Heading upwards and inland, you’ll come to one the highest points on the island: the summit of Pico do Arieiro (1816m). Weather-permitting, you’ll have a magnificent panoramic view across Madeira’s central mountains.
It’s a short drive from Arieiro to the forest park at Ribeiro Frio, where three of the island’s most important levadas converge: the Levada do Furado, the Serra do Faial and the Juncal – making this the ideal spot to preserve and protect Madeira’s endemic plant life. A short walk down the Levada da Serra do Faial will bring you to the famous miradouro at Balcões, overlooking the Ribeira da Metade valley.
Leaving the mountains behind, the road zig-zags down through green valleys of Cruzinha to the east coast village of Faial – a good stopping point for lunch. You’ll begin the afternoon with a visit to the Casas Tradicionais in Santana – the preserved, traditional thatch-and-lavastone buildings that were once common throughout the north-east of the island.
Your next stop is the village of Porto da Cruz – home to one of the island’s few surviving rum distilleries at Engenho do Norte.
There are three Engenho’s on the island, and the distillery here in Porto da Cruz is the only one still driven by steam. One of Madeira’s best loved cakes is made from a by-product of the distillery – molasses, which is the main ingredient in Bolo de Mel, or ‘Honey Cake’ in English.
Continuing south, you’ll arrive at one of Madeira most-famous natural landmarks: the Ponta de Sao Lourenco peninsula. Whilst the majority of Madeira is green and fertile, Sao Lourenco is a beautifully-barren, desolate finger of desert terrain protruding out into the Atlantic. The peninsula provides a glimpse of a habitat less like the rest of Madeira and more common on the neighbouring Desertas Islands, which are visible to the south.

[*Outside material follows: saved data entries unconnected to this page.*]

lemma nn_integral_gauss_vec_Suc_rotate_last:
  assumes sig: "\<sigma> > 0" and g: "case_prod g \<in> borel_measurable (borel \<Otimes>\<^sub>M borel)"
  shows "(\<integral>\<^sup>+x. \<integral>\<^sup>+t. g (\<alpha> * t + vinner (Suc m) x u) (t\<^sup>2 + sqnorm (Suc m) x)
            \<partial>centered_normal \<sigma> \<partial>gauss_vec (Suc m) \<sigma>)
     = (\<integral>\<^sup>+x. \<integral>\<^sup>+y. \<integral>\<^sup>+t. g (sqrt (\<alpha>\<^sup>2 + (u m)\<^sup>2) * t + vinner m x u) (t\<^sup>2 + (sqnorm m x + y\<^sup>2))
            \<partial>centered_normal \<sigma> \<partial>centered_normal \<sigma> \<partial>gauss_vec m \<sigma>)"
proof -
  have "(\<integral>\<^sup>+x. \<integral>\<^sup>+t. g (\<alpha> * t + vinner (Suc m) x u) (t\<^sup>2 + sqnorm (Suc m) x)
            \<partial>centered_normal \<sigma> \<partial>gauss_vec (Suc m) \<sigma>)
     = (\<integral>\<^sup>+x. \<integral>\<^sup>+y. \<integral>\<^sup>+t. g (\<alpha> * t + u m * y + vinner m x u) (t\<^sup>2 + y\<^sup>2 + sqnorm m x)
            \<partial>centered_normal \<sigma> \<partial>centered_normal \<sigma> \<partial>gauss_vec m \<sigma>)"
    by (subst nn_integral_gauss_vec_Suc[OF sig borel_measurable_nn_integral_centered_normal[OF sig g]])
       (simp_all add: vinner_fun_upd sqnorm_fun_upd algebra_simps)
  also have "\<dots> = (\<integral>\<^sup>+x. \<integral>\<^sup>+y. \<integral>\<^sup>+t. g (sqrt (\<alpha>\<^sup>2 + (u m)\<^sup>2) * t + vinner m x u) (t\<^sup>2 + (sqnorm m x + y\<^sup>2))
            \<partial>centered_normal \<sigma> \<partial>centered_normal \<sigma> \<partial>gauss_vec m \<sigma>)"
  proof (rule nn_integral_cong)
    fix x
    have "case_prod (\<lambda>a b. g (a + vinner m x u) (b + sqnorm m x)) \<in> borel_measurable (borel \<Otimes>\<^sub>M borel)"
      by (rule borel_measurable_case_prod_compose_binary[OF g]) measurable
    from nn_integral_centered_normal_pair_rotate[OF sig this, of \<alpha> "u m"]
    show "(\<integral>\<^sup>+y. \<integral>\<^sup>+t. g (\<alpha> * t + u m * y + vinner m x u) (t\<^sup>2 + y\<^sup>2 + sqnorm m x)
            \<partial>centered_normal \<sigma> \<partial>centered_normal \<sigma>)
        = (\<integral>\<^sup>+y. \<integral>\<^sup>+t. g (sqrt (\<alpha>\<^sup>2 + (u m)\<^sup>2) * t + vinner m x u) (t\<^sup>2 + (sqnorm m x + y\<^sup>2))
            \<partial>centered_normal \<sigma> \<partial>centered_normal \<sigma>)"
      by (simp add: algebra_simps)
  qed
  finally show ?thesis .
qed

lemma nn_integral_gauss_vec_Suc_sqnorm:
  assumes sig: "\<sigma> > 0" and g: "case_prod g \<in> borel_measurable (borel \<Otimes>\<^sub>M borel)"
  shows "(\<integral>\<^sup>+x. \<integral>\<^sup>+t. g (\<gamma> * t + a) (t\<^sup>2 + sqnorm (Suc m) x) \<partial>centered_normal \<sigma> \<partial>gauss_vec (Suc m) \<sigma>)
     = (\<integral>\<^sup>+y. \<integral>\<^sup>+x. \<integral>\<^sup>+t. g (\<gamma> * t + a) (t\<^sup>2 + (sqnorm m x + y\<^sup>2))
            \<partial>centered_normal \<sigma> \<partial>gauss_vec m \<sigma> \<partial>centered_normal \<sigma>)"
proof -
  have "(\<lambda>x. \<integral>\<^sup>+t. g (\<gamma> * t + a) (t\<^sup>2 + sqnorm (Suc m) x) \<partial>centered_normal \<sigma>)
      \<in> borel_measurable (gauss_vec (Suc m) \<sigma>)"
    by (rule borel_measurable_nn_integral_centered_normal[OF sig g]) measurable
  from nn_integral_gauss_vec_Suc[OF sig this]
  have "(\<integral>\<^sup>+x. \<integral>\<^sup>+t. g (\<gamma> * t + a) (t\<^sup>2 + sqnorm (Suc m) x) \<partial>centered_normal \<sigma> \<partial>gauss_vec (Suc m) \<sigma>)
     = (\<integral>\<^sup>+x. \<integral>\<^sup>+y. \<integral>\<^sup>+t. g (\<gamma> * t + a) (t\<^sup>2 + (sqnorm m x + y\<^sup>2))
            \<partial>centered_normal \<sigma> \<partial>centered_normal \<sigma> \<partial>gauss_vec m \<sigma>)"
    by (simp add: sqnorm_fun_upd)
  also have "\<dots> = (\<integral>\<^sup>+y. \<integral>\<^sup>+x. \<integral>\<^sup>+t. g (\<gamma> * t + a) (t\<^sup>2 + (sqnorm m x + y\<^sup>2))
            \<partial>centered_normal \<sigma> \<partial>gauss_vec m \<sigma> \<partial>centered_normal \<sigma>)"
    by (rule nn_integral_gauss_vec_swap[OF sig], unfold split_beta')
       (rule borel_measurable_nn_integral_centered_normal[OF sig g]; measurable)
  finally show ?thesis .
qed

text \<open>The pair \<open>(\<langle>X, u\<rangle>, \<parallel>X\<parallel>\<^sup>2)\<close> of a Gaussian vector \<open>X\<close> has the same law as
  \<open>(\<parallel>u\<parallel> t, t\<^sup>2 + \<parallel>X'\<parallel>\<^sup>2)\<close>: rotate the coordinates into \<open>t\<close> one at a time.\<close>
lemma nn_integral_gauss_vec_rotate_inner:
  assumes sig: "\<sigma> > 0" and "case_prod g \<in> borel_measurable (borel \<Otimes>\<^sub>M borel)"
  shows "(\<integral>\<^sup>+x. \<integral>\<^sup>+t. g (\<alpha> * t + vinner m x u) (t\<^sup>2 + sqnorm m x) \<partial>centered_normal \<sigma> \<partial>gauss_vec m \<sigma>)
       = (\<integral>\<^sup>+x. \<integral>\<^sup>+t. g (sqrt (\<alpha>\<^sup>2 + sqnorm m u) * t) (t\<^sup>2 + sqnorm m x)
            \<partial>centered_normal \<sigma> \<partial>gauss_vec m \<sigma>)"
  using assms(2)
proof (induction m arbitrary: \<alpha> g)
  case (0 \<alpha> g)
  have [measurable]: "(\<lambda>t. g (\<alpha> * t) (t\<^sup>2)) \<in> borel_measurable borel"
    by (rule borel_measurable_compose_binary[OF "0.prems"]) measurable
  have "(\<integral>\<^sup>+t. g (\<alpha> * t) (t\<^sup>2) \<partial>centered_normal \<sigma>) = (\<integral>\<^sup>+t. g (\<bar>\<alpha>\<bar> * t) (t\<^sup>2) \<partial>centered_normal \<sigma>)"
    using nn_integral_centered_normal_reflect[of "\<lambda>t. g (\<alpha> * t) (t\<^sup>2)" \<sigma>]
    by (cases "\<alpha> \<ge> 0") simp_all
  then show ?case by (simp add: vinner_def sqnorm_def)
next
  case (Suc m \<alpha> g)
  note g = Suc.prems
  define \<gamma>\<^sub>1 where "\<gamma>\<^sub>1 = sqrt (\<alpha>\<^sup>2 + (u m)\<^sup>2)"
  have \<gamma>: "sqrt (\<alpha>\<^sup>2 + sqnorm (Suc m) u) = sqrt (\<gamma>\<^sub>1\<^sup>2 + sqnorm m u)"
    by (simp add: \<gamma>\<^sub>1_def sqnorm_def add.assoc)
  have "(\<integral>\<^sup>+x. \<integral>\<^sup>+t. g (\<alpha> * t + vinner (Suc m) x u) (t\<^sup>2 + sqnorm (Suc m) x)
            \<partial>centered_normal \<sigma> \<partial>gauss_vec (Suc m) \<sigma>)
     = (\<integral>\<^sup>+x. \<integral>\<^sup>+y. \<integral>\<^sup>+t. g (\<gamma>\<^sub>1 * t + vinner m x u) (t\<^sup>2 + (sqnorm m x + y\<^sup>2))
            \<partial>centered_normal \<sigma> \<partial>centered_normal \<sigma> \<partial>gauss_vec m \<sigma>)"
    unfolding \<gamma>\<^sub>1_def by (rule nn_integral_gauss_vec_Suc_rotate_last[OF sig g])
  also have "\<dots> = (\<integral>\<^sup>+y. \<integral>\<^sup>+x. \<integral>\<^sup>+t. g (\<gamma>\<^sub>1 * t + vinner m x u) (t\<^sup>2 + (sqnorm m x + y\<^sup>2))
            \<partial>centered_normal \<sigma> \<partial>gauss_vec m \<sigma> \<partial>centered_normal \<sigma>)"
    by (rule nn_integral_gauss_vec_swap[OF sig], unfold split_beta')
       (rule borel_measurable_nn_integral_centered_normal[OF sig g]; measurable)
  also have "\<dots> = (\<integral>\<^sup>+y. \<integral>\<^sup>+x. \<integral>\<^sup>+t. g (sqrt (\<alpha>\<^sup>2 + sqnorm (Suc m) u) * t) (t\<^sup>2 + (sqnorm m x + y\<^sup>2))
            \<partial>centered_normal \<sigma> \<partial>gauss_vec m \<sigma> \<partial>centered_normal \<sigma>)"
  proof (rule nn_integral_cong)
    fix y
    have "case_prod (\<lambda>a b. g a (b + y\<^sup>2)) \<in> borel_measurable (borel \<Otimes>\<^sub>M borel)"
      by (rule borel_measurable_case_prod_compose_binary[OF g]) measurable
    from Suc.IH[OF this, of \<gamma>\<^sub>1]
    show "(\<integral>\<^sup>+x. \<integral>\<^sup>+t. g (\<gamma>\<^sub>1 * t + vinner m x u) (t\<^sup>2 + (sqnorm m x + y\<^sup>2))
            \<partial>centered_normal \<sigma> \<partial>gauss_vec m \<sigma>)
        = (\<integral>\<^sup>+x. \<integral>\<^sup>+t. g (sqrt (\<alpha>\<^sup>2 + sqnorm (Suc m) u) * t) (t\<^sup>2 + (sqnorm m x + y\<^sup>2))
            \<partial>centered_normal \<sigma> \<partial>gauss_vec m \<sigma>)"
      by (simp add: \<gamma> add.assoc)
  qed
  also have "\<dots> = (\<integral>\<^sup>+x. \<integral>\<^sup>+t. g (sqrt (\<alpha>\<^sup>2 + sqnorm (Suc m) u) * t) (t\<^sup>2 + sqnorm (Suc m) x)
            \<partial>centered_normal \<sigma> \<partial>gauss_vec (Suc m) \<sigma>)"
    using nn_integral_gauss_vec_Suc_sqnorm[OF sig g, where a = 0] by simp
  finally show ?case .
qed

lemma nn_integral_gauss_vec_rotate:
  assumes sig: "\<sigma> > 0" and g: "case_prod g \<in> borel_measurable (borel \<Otimes>\<^sub>M borel)"
  shows "(\<integral>\<^sup>+x. g (vinner (Suc k) x u) (sqnorm (Suc k) x) \<partial>gauss_vec (Suc k) \<sigma>)
       = (\<integral>\<^sup>+x. \<integral>\<^sup>+t. g (vnorm (Suc k) u * t) (t\<^sup>2 + sqnorm k x) \<partial>centered_normal \<sigma> \<partial>gauss_vec k \<sigma>)"
proof -
  have "(\<lambda>x. g (vinner (Suc k) x u) (sqnorm (Suc k) x)) \<in> borel_measurable (gauss_vec (Suc k) \<sigma>)"
    by (rule borel_measurable_compose_binary[OF g]) measurable
  from nn_integral_gauss_vec_Suc[OF sig this]
  have "(\<integral>\<^sup>+x. g (vinner (Suc k) x u) (sqnorm (Suc k) x) \<partial>gauss_vec (Suc k) \<sigma>)
      = (\<integral>\<^sup>+x. \<integral>\<^sup>+t. g (u k * t + vinner k x u) (t\<^sup>2 + sqnorm k x) \<partial>centered_normal \<sigma> \<partial>gauss_vec k \<sigma>)"
    by (simp add: vinner_fun_upd sqnorm_fun_upd add.commute)
  also have "\<dots> = (\<integral>\<^sup>+x. \<integral>\<^sup>+t. g (sqrt ((u k)\<^sup>2 + sqnorm k u) * t) (t\<^sup>2 + sqnorm k x)
            \<partial>centered_normal \<sigma> \<partial>gauss_vec k \<sigma>)"
    by (rule nn_integral_gauss_vec_rotate_inner[OF sig g])
  also have "sqrt ((u k)\<^sup>2 + sqnorm k u) = vnorm (Suc k) u"
    by (simp add: vnorm_def sqnorm_def)
  finally show ?thesis .
qed

lemma nn_integral_centered_normal_square:
  assumes sig: "\<sigma> > 0"
  shows "(\<integral>\<^sup>+t. ennreal (t\<^sup>2) \<partial>centered_normal \<sigma>) = ennreal (\<sigma>\<^sup>2)"
proof -
  have "has_bochner_integral lborel (\<lambda>x. normal_density 0 \<sigma> x * (x - 0) ^ (2 * 1))
      (fact (2 * 1) / ((2 / \<sigma>\<^sup>2) ^ 1 * fact 1))"
    by (rule normal_moment_even[OF sig])
  then have hb: "has_bochner_integral lborel (\<lambda>x. normal_density 0 \<sigma> x * x\<^sup>2) (\<sigma>\<^sup>2)"
    using sig by simp
  have "(\<integral>\<^sup>+t. ennreal (t\<^sup>2) \<partial>centered_normal \<sigma>) = (\<integral>\<^sup>+t. ennreal (normal_density 0 \<sigma> t * t\<^sup>2) \<partial>lborel)"
    by (simp add: nn_integral_density ennreal_mult')
  also have "\<dots> = ennreal (\<sigma>\<^sup>2)"
    using nn_integral_eq_integral[OF integrable.intros[OF hb]] has_bochner_integral_integral_eq[OF hb]
    by simp
  finally show ?thesis .
qed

Your final stop of the day is the town of Machico, where Joao Goncalves Zarco and Trisao Vaz Texiera first landed when they (re)discovered the island on 1st July 1419.
Madeira appears on maps from as early as 1339 – there’s even archaeological evidence that suggests the Vikings may have visited the island around the year 1030. It wasn’t until the mid-15th Century that the Portuguese prince Infante Henrique, (known more widely outside Portugal as Henry the Navigator), sent his captains out into the Atlantic to claim Madeira and her neighbours for the Portuguese crown.